Composable inference algorithms with LLMs and programmable logic
Project description
Decoding
Composable inference algorithms with LLMs and programmable logic.
Overview
decoding
is a library for scaling the inference-time capabilities of LLMs, enabling users to easily solve difficult problems. The library is built around simple sampling and reranking patterns that accept arbitrary user-defined scoring functions. At its simplest, you write a function that takes in a string and returns a float, and we handle the rest. If you'd like to step things up, we provide simple patterns to enable the efficient construction of powerful algorithms like Backtracking Monte Carlo Tree Search variants.
Why should I care?
Scaling inference thoughtfully is yielding breakthrough performance improvements in the world of LLMs.

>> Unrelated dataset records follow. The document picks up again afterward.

lemma prob_hit_before_exp_small:
  assumes "\<epsilon> > 0"
  shows "exp_small (\<lambda>\<beta>. prob_hit_before H q \<beta> A x (exp (\<beta> * (Psi_min H q x A - \<epsilon>))))"
proof -
  define T where "T \<beta> = exp (\<beta> * (Psi_min H q x A - \<epsilon>))" for \<beta>
  define N where "N \<beta> = nat (\<lceil>T \<beta>\<rceil> - 1)" for \<beta>
  have N: "real (N \<beta>) \<le> T \<beta>" for \<beta>
  proof -
    have "\<lceil>T \<beta>\<rceil> < T \<beta> + 1" by linarith
    then show ?thesis unfolding N_def by (cases "\<lceil>T \<beta>\<rceil> - 1 \<ge> 0") (auto simp: T_def)
  qed
  have prob_eq: "prob_hit_before H q \<beta> A x (T \<beta>) = hit (metro H q \<beta>) A {} (N \<beta>) x" for \<beta>
    unfolding prob_hit_before_def N_def hit_le_eq_hit ..
  show ?thesis
  proof (cases "Psi_min H q x A \<le> \<epsilon>")
    case True
    have "prob_hit_before H q \<beta> A x (T \<beta>) \<le> 0 * exp (- \<beta> * 1)" if "\<beta> \<ge> 0" for \<beta>
    proof -
      have "T \<beta> \<le> 1" using that True by (simp add: T_def mult_nonneg_nonpos)
      then have "N \<beta> = 0" unfolding N_def by (simp add: ceiling_le_iff)
      then show ?thesis by (simp add: prob_eq)
    qed
    then have "\<forall>\<^sub>F \<beta> in at_top. prob_hit_before H q \<beta> A x (T \<beta>) \<le> 0 * exp (- \<beta> * 1)"
      using eventually_ge_at_top[of 0] by (rule eventually_mono[rotated])
    from exp_small_const_mult_exp[of 1 0] this show ?thesis unfolding T_def by (rule exp_small_le) simp
  next
    case False
    have "exp_small (\<lambda>\<beta>. (\<Sum>z\<in>deep_states. hit (metro H q \<beta>) (- initial_cycle H q A z) {} (N \<beta>) z)
        + hit_ever (metro H q \<beta>) escape_set low_targets x)"
      using deep_exit_exp_small[OF _ assms N[unfolded T_def]]
      by (intro exp_small_add exp_small_sum escape_exp_small) auto
    moreover have "\<forall>\<^sub>F \<beta> in at_top. prob_hit_before H q \<beta> A x (T \<beta>)
        \<le> (\<Sum>z\<in>deep_states. hit (metro H q \<beta>) (- initial_cycle H q A z) {} (N \<beta>) z)
          + hit_ever (metro H q \<beta>) escape_set low_targets x"
      using eventually_ge_at_top[of 0] unfolding prob_eq
      by (rule eventually_mono) (use False assms in \<open>auto intro: hit_A_le_deep_exits_plus_escape\<close>)
    ultimately show ?thesis unfolding T_def by (rule exp_small_le)
  qed
qed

We are already seeing small models out-perform models >10x their size by leveraging basic sampling and search strategies, particularly in combination with custom verifiers, scoring functions, and process reward models. Check out this excellent recent presentation by Sasha Rush and Daniel Ritter for more background. decoding
makes it effortless to explore this design space and allows researchers to quickly iterate on their ideas.
Getting started
Install directly from PyPi
python -m pip install decoding
See Contributing for how to build the dev and testing environment.

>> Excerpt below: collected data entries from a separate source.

locale arc_graph =
  fixes \<Gamma> :: "'g::metric_space set" and A :: "(real \<Rightarrow> 'g) set"
  assumes finite_arcs: "finite A" and arcs: "\<And>g. g \<in> A \<Longrightarrow> arc g"
    and Union_arcs: "\<Gamma> = \<Union>(path_image ` A)"
    and arcs_meet_at_ends: "\<And>g g'. \<lbrakk>g \<in> A; g' \<in> A; g \<noteq> g'\<rbrakk> \<Longrightarrow>
        path_image g \<inter> path_image g' \<subseteq> {pathstart g, pathfinish g} \<inter> {pathstart g', pathfinish g'}"
begin

definition arcs_at :: "'g \<Rightarrow> (real \<Rightarrow> 'g) set" where
  "arcs_at y = {g \<in> A. pathstart g = y \<or> pathfinish g = y}"

lemma closed_Union_path_image:
  assumes "A' \<subseteq> A"
  shows "closed (\<Union>(path_image ` A'))"
proof -
  have "finite A'" using finite_arcs assms finite_subset by blast
  moreover have "compact (path_image g)" if "g \<in> A'" for g
    using arcs assms that by (intro compact_path_image arc_imp_path) auto
  ultimately show ?thesis by (intro compact_imp_closed compact_Union) auto
qed

lemma not_in_path_image_if_not_arcs_at:
  assumes "arcs_at y \<noteq> {}" "g' \<in> A" "g' \<notin> arcs_at y"
  shows "y \<notin> path_image g'"
proof
  assume yg': "y \<in> path_image g'"
  obtain g where g: "g \<in> arcs_at y" using assms(1) by blast
  then have "y \<in> path_image g"
    by (auto simp: arcs_at_def pathstart_in_path_image pathfinish_in_path_image)
  moreover have "g \<noteq> g'" using g assms by auto
  ultimately have "y \<in> {pathstart g', pathfinish g'}"
    using arcs_meet_at_ends[of g g'] g assms yg' unfolding arcs_at_def by blast
  then show False using assms unfolding arcs_at_def by auto
qed

lemma common_point_eq_vertex:
  assumes "g \<in> arcs_at y" "g' \<in> A" "g' \<noteq> g" "x \<in> path_image g" "x \<in> path_image g'"
    "x \<noteq> start_at y g 1"
  shows "x = y"
proof -
  have "y \<in> {pathstart g, pathfinish g}" using assms(1) by (auto simp: arcs_at_def)
  moreover have "x \<in> {pathstart g, pathfinish g}"
    using arcs_meet_at_ends[of g g'] assms unfolding arcs_at_def by blast
  ultimately show ?thesis using ends_start_at assms(6) by blast
qed

text \<open>The complement is the union of the other arcs and of the far halves, a compact set.\<close>

lemma openin_near_halves:
  assumes y: "arcs_at y \<noteq> {}"
  shows "openin (top_of_set \<Gamma>) (\<Union>g\<in>arcs_at y. start_at y g ` {0..<1/2})"
proof -
  let ?S = "\<Union>g\<in>arcs_at y. start_at y g ` {0..<1/2}"
  define K where "K = \<Union>(path_image ` (A - arcs_at y)) \<union> (\<Union>g\<in>arcs_at y. start_at y g ` {1/2..1})"
  have arc: "arc (start_at y g)" if "g \<in> arcs_at y" for g
    using that arcs arc_start_at by (auto simp: arcs_at_def)
  then have inj: "inj_on (start_at y g) {0..1}" if "g \<in> arcs_at y" for g
    using that by (simp add: arc_def)
  have y0: "start_at y g 0 = y" if "g \<in> arcs_at y" for g
    using that start_at_0 by (auto simp: arcs_at_def)
  have "closed K"
  proof -
    have "compact (start_at y g ` {1/2..1})" if "g \<in> arcs_at y" for g
    proof -
      have "continuous_on {0..1} (start_at y g)" using arc[OF that] by (simp add: arc_def path_def)
      then have "continuous_on {1/2..1} (start_at y g)" by (rule continuous_on_subset) auto
      then show ?thesis by (rule compact_continuous_image) simp
    qed
    moreover have "finite (arcs_at y)" using finite_arcs by (simp add: arcs_at_def)
    ultimately show ?thesis unfolding K_def
      by (intro closed_Un closed_Union_path_image compact_imp_closed compact_UN) auto
  qed
  moreover have "?S = \<Gamma> - K"
  proof
    show "?S \<subseteq> \<Gamma> - K"
    proof
      fix x assume "x \<in> ?S"
      then obtain g where g: "g \<in> arcs_at y" and "x \<in> start_at y g ` {0..<1/2}" by blast
      from this(2) obtain t where x: "x = start_at y g t" and t: "t \<in> {0..<1/2}" by (rule imageE)
      have "x \<in> path_image (start_at y g)" unfolding path_image_def using x t by auto
      then have xg: "x \<in> path_image g" by simp
      have "x \<in> \<Gamma>" using xg g Union_arcs by (auto simp: arcs_at_def)
      moreover have x1: "x \<noteq> start_at y g 1"
        using inj_onD[OF inj[OF g], of t 1] x t by auto
      have "x \<notin> path_image g'" if "g' \<in> A - arcs_at y" for g'
      proof
        assume "x \<in> path_image g'"
        moreover have "g' \<noteq> g" using that g by auto
        ultimately have "x = y" using common_point_eq_vertex[OF g _ _ xg _ x1] that by blast
        then show False
          using not_in_path_image_if_not_arcs_at[OF y] that \<open>x \<in> path_image g'\<close> by blast
      qed
      moreover have "x \<notin> start_at y g' ` {1/2..1}" if g': "g' \<in> arcs_at y" for g'
      proof
        assume "x \<in> start_at y g' ` {1/2..1}"
        then obtain v where "x = start_at y g' v" "v \<in> {1/2..1}" by (rule imageE)
        then have v: "v \<in> {1/2..1}" "x = start_at y g' v" by simp_all
        show False
        proof (cases "g' = g")
          case True
          then show False using inj_onD[OF inj[OF g], of t v] x v t by auto
        next
          case False
          have "x \<in> path_image (start_at y g')" unfolding path_image_def using v by auto
          then have "x \<in> path_image g'" by simp
          then have "x = y" using common_point_eq_vertex[OF g _ False xg _ x1] g' by (auto simp: arcs_at_def)
          then show False using inj_onD[OF inj[OF g'], of v 0] y0[OF g'] v by auto
        qed
      qed
      ultimately show "x \<in> \<Gamma> - K" unfolding K_def by blast
    qed
    show "\<Gamma> - K \<subseteq> ?S"
    proof
      fix x assume x: "x \<in> \<Gamma> - K"
      then obtain g where g: "g \<in> A" "x \<in> path_image g" using Union_arcs by auto
      have g': "g \<in> arcs_at y" using g x unfolding K_def by blast
      have "x \<in> path_image (start_at y g)" using g(2) by simp
      then obtain u where u: "x = start_at y g u" "u \<in> {0..1}" unfolding path_image_def by (rule imageE)
      moreover have "u \<notin> {1/2..1}" using x u g' unfolding K_def by blast
      ultimately have "u \<in> {0..<1/2}" by auto
      then show "x \<in> ?S" using u(1) g' by blast
    qed
  qed
  ultimately show ?thesis by (simp add: openin_open_Int open_Compl Diff_eq Int_commute)
qed

lemma homeomorphism_open_star_near_halves:
  assumes y: "arcs_at y \<noteq> {}"
  shows "\<exists>\<Phi> \<Psi>. homeomorphism (open_star (card (arcs_at y)))
    (\<Union>g\<in>arcs_at y. start_at y g ` {0..<1/2}) \<Phi> \<Psi> \<and> \<Phi> 0 = y"
proof -
  define d where "d = card (arcs_at y)"
  have "finite (arcs_at y)" using finite_arcs by (simp add: arcs_at_def)
  then have d1: "1 \<le> d" using y by (simp add: d_def Suc_le_eq card_gt_0_iff)
  obtain e where e: "bij_betw e {..<d} (arcs_at y)"
    using \<open>finite (arcs_at y)\<close> by (metis bij_betw_from_nat_into_finite d_def lessThan_atLeast0)
  then have eA: "e i \<in> arcs_at y" if "i < d" for i using that by (auto simp: bij_betw_def)
  define gg where "gg i = start_at y (e i)" for i
  have arc: "arc (gg i)" if "i < d" for i
    using eA[OF that] arcs arc_start_at by (auto simp: arcs_at_def gg_def)
  then have gg_cont: "continuous_on {0..1} (gg i)" and gg_inj: "inj_on (gg i) {0..1}" if "i < d" for i
    using that by (auto simp: arc_def path_def)
  have gg0: "gg i 0 = y" if "i < d" for i
    using eA[OF that] start_at_0 by (auto simp: arcs_at_def gg_def)
  define \<gamma> where "\<gamma> i = (\<lambda>t. gg i (t/2))" for i
  have half: "t/2 \<in> {0..1}" if "t \<in> {0..1}" for t :: real using that by auto
  have "\<exists>\<Phi> \<Psi>. homeomorphism (open_star d) (\<Union>i<d. \<gamma> i ` {0..<1}) \<Phi> \<Psi> \<and> \<Phi> 0 = y"
  proof (rule homeomorphism_open_star_Union_arcs[OF d1])
    show "continuous_on {0..1} (\<gamma> i)" if "i < d" for i
      unfolding \<gamma>_def
      by (rule continuous_on_compose2[OF gg_cont[OF that], of _ "\<lambda>t. t/2"])
         (auto intro!: continuous_on_divide continuous_on_id continuous_on_const)
    show "inj_on (\<gamma> i) {0..1}" if "i < d" for i
    proof (rule inj_onI)
      fix s t :: real assume "s \<in> {0..1}" "t \<in> {0..1}" "\<gamma> i s = \<gamma> i t"
      then have "s/2 = t/2" using inj_onD[OF gg_inj[OF that]] half unfolding \<gamma>_def by blast
      then show "s = t" by simp
    qed
    show "\<gamma> i 0 = y" if "i < d" for i using gg0[OF that] by (simp add: \<gamma>_def)
    show "s = 0" if ik: "i < d" "k < d" "i \<noteq> k" "s \<in> {0..1}" "t \<in> {0..1}" "\<gamma> i s = \<gamma> k t"
      for i k s t
    proof -
      define x where "x = gg i (s/2)"
      have "x \<in> path_image (gg i)" using half[OF ik(4)] by (auto simp: x_def path_image_def)
      then have xi: "x \<in> path_image (e i)" by (simp add: gg_def)
      have "x \<in> path_image (gg k)" using half[OF ik(5)] ik(6) by (auto simp: x_def \<gamma>_def path_image_def)
      then have xk: "x \<in> path_image (e k)" by (simp add: gg_def)
      have "e k \<noteq> e i" using e ik by (auto simp: bij_betw_def inj_on_def)
      moreover have "x \<noteq> start_at y (e i) 1"
        using inj_onD[OF gg_inj[OF ik(1)], of "s/2" 1] half[OF ik(4)] ik(4) by (auto simp: x_def gg_def)
      moreover have "e k \<in> A" using eA[OF ik(2)] by (simp add: arcs_at_def)
      ultimately have "x = y" using common_point_eq_vertex[OF eA[OF ik(1)] _ _ xi xk] by blast
      then show "s = 0"
        using inj_onD[OF gg_inj[OF ik(1)], of "s/2" 0] gg0[OF ik(1)] half[OF ik(4)] by (simp add: x_def)
    qed
  qed
  moreover have "(\<Union>i<d. \<gamma> i ` {0..<1}) = (\<Union>g\<in>arcs_at y. start_at y g ` {0..<1/2})"
  proof -
    have "\<gamma> i ` {0..<1} = gg i ` {0..<1/2}" for i
      using image_image[of "gg i" "\<lambda>t. t/2" "{0..<1::real}"] by (simp add: \<gamma>_def image_half_atLeastLessThan)
    then have "(\<Union>i<d. \<gamma> i ` {0..<1}) = (\<Union>g\<in>e ` {..<d}. start_at y g ` {0..<1/2})"
      by (simp add: gg_def)
    also have "\<dots> = (\<Union>g\<in>arcs_at y. start_at y g ` {0..<1/2})" using e by (simp add: bij_betw_def)
    finally show ?thesis .
  qed
  ultimately show ?thesis unfolding d_def by simp
qed

lemma vertex_chart:
  assumes y: "arcs_at y \<noteq> {}"
  shows "\<exists>S h h'. star_chart \<Gamma> S (card (arcs_at y)) h h' y"
proof -
  let ?S = "\<Union>g\<in>arcs_at y. start_at y g ` {0..<1/2}"
  obtain \<Phi> \<Psi> where hom: "homeomorphism (open_star (card (arcs_at y))) ?S \<Phi> \<Psi>" and \<Phi>0: "\<Phi> 0 = y"
    using homeomorphism_open_star_near_halves[OF y] by blast
  have "finite (arcs_at y)" using finite_arcs by (simp add: arcs_at_def)
  then have d1: "1 \<le> card (arcs_at y)" using y by (simp add: Suc_le_eq card_gt_0_iff)
  have 0: "0 \<in> open_star (card (arcs_at y))" by (rule zero_in_open_star[OF d1])
  have "star_chart \<Gamma> ?S (card (arcs_at y)) \<Psi> \<Phi> y"
  proof (rule star_chart.intro)
    show "openin (top_of_set \<Gamma>) ?S" by (rule openin_near_halves[OF y])
    show "homeomorphism ?S (open_star (card (arcs_at y))) \<Psi> \<Phi>" using homeomorphism_symD[OF hom] .
    show "1 \<le> card (arcs_at y)" by (rule d1)
    show "y \<in> ?S" using homeomorphism_image1[OF hom] imageI[OF 0, of \<Phi>] \<Phi>0 by simp
    show "\<Psi> y = 0" using homeomorphism_apply1[OF hom 0] \<Phi>0 by simp
  qed
  then show ?thesis by blast
qed

end

context arc_graph
begin

lemma subarc_meets_other_arc_at_ends:
  assumes g: "g \<in> A" "g' \<in> A" "g' \<noteq> g" and s: "0 < s" "s < 1" and v: "v = 0 \<or> v = 1"
  shows "path_image (subarc s v g) \<inter> path_image g' \<subseteq>
    {pathstart (subarc s v g), pathfinish (subarc s v g)} \<inter> {pathstart g', pathfinish g'}"
proof
  fix x assume x: "x \<in> path_image (subarc s v g) \<inter> path_image g'"
  then obtain u where u: "u \<in> closed_segment s v" "x = g u" unfolding path_image_subarc by auto
  have sv: "closed_segment s v \<subseteq> {0..1}" using s v by (auto simp: closed_segment_eq_real_ivl)
  then have "x \<in> path_image g" using u unfolding path_image_def by auto
  then have xx: "x \<in> {pathstart g, pathfinish g} \<inter> {pathstart g', pathfinish g'}"
    using arcs_meet_at_ends[OF g(1,2)] g(3) x by blast
  have "inj_on g {0..1}" using arcs[OF g(1)] by (simp add: arc_def)
  have "x \<noteq> g (1 - v)"
  proof
    assume "x = g (1 - v)"
    then have "u = 1 - v" using inj_onD[OF \<open>inj_on g {0..1}\<close>, of u "1 - v"] u sv v by auto
    then show False using u s v by (auto simp: closed_segment_eq_real_ivl)
  qed
  then have "x = g v" using xx v unfolding pathstart_def pathfinish_def by auto
  then show "x \<in> {pathstart (subarc s v g), pathfinish (subarc s v g)} \<inter> {pathstart g', pathfinish g'}"
    using xx by simp
qed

NOTE: Decoding depends on vLLM
, which means this library can only be built on linux, and by default must be run on GPU. To run on CPU, see the instructions from vLLM.
Documentation
All modules, classes, and functions of our public interface are documented on our website. The docs should be the first stop for questions about the API. More realistic use cases and interesting patterns can be found in the tutorial.
Tutorial
Several examples are provided to give you a taste and help you get started. Check out TUTORIAL.md
for a commented walk-through of a few sample design patterns, or go straight to the code and run it yourself in the examples/
directory.
The library's philosophy
The most valuable resource is the researcher's time. The decoding
library is designed from the ground up to easily, flexibly, and quickly support experimentation over new ideas, while coordinating all the engineering glue on the backend. We make a few design decisions that support this.
-
The library is built with an emphasis on pure functions and immutability. All classes are frozen dataclasses. All functions express typed, composable building blocks that flexibly wrap and coordinate any user-generated code. This enables users to get very creative with their design patterns without having to chase down complicated bugs.
-
When there is a decision point between squeezing a drop of performance or maintaining flexibility, we maintain flexibility. This may be controversial. When one decides a piece of code is meant to do only one thing, there are a myriad of optimizations that become available. But, if your use-case doesn't fall there, those optimizations aren't particularly useful for you who can't use the library. We optimize the library to support the broadest range of ideas a researcher can come up with, such as backtracking, resampling, or otherwise modifying in-progress generations.
-
We still keep things fast. We use libraries like
vLLM
under the hood to keep text generation fast, which is often the primary bottleneck. We also expose arguments for users to specify when parts of scorers or estimators can be run concurrently, and harness CPU-based parallelism for the heavier parts like executing LLM-generated code. More detailed profiling over common use cases is coming shortly, which will be used to drive future development.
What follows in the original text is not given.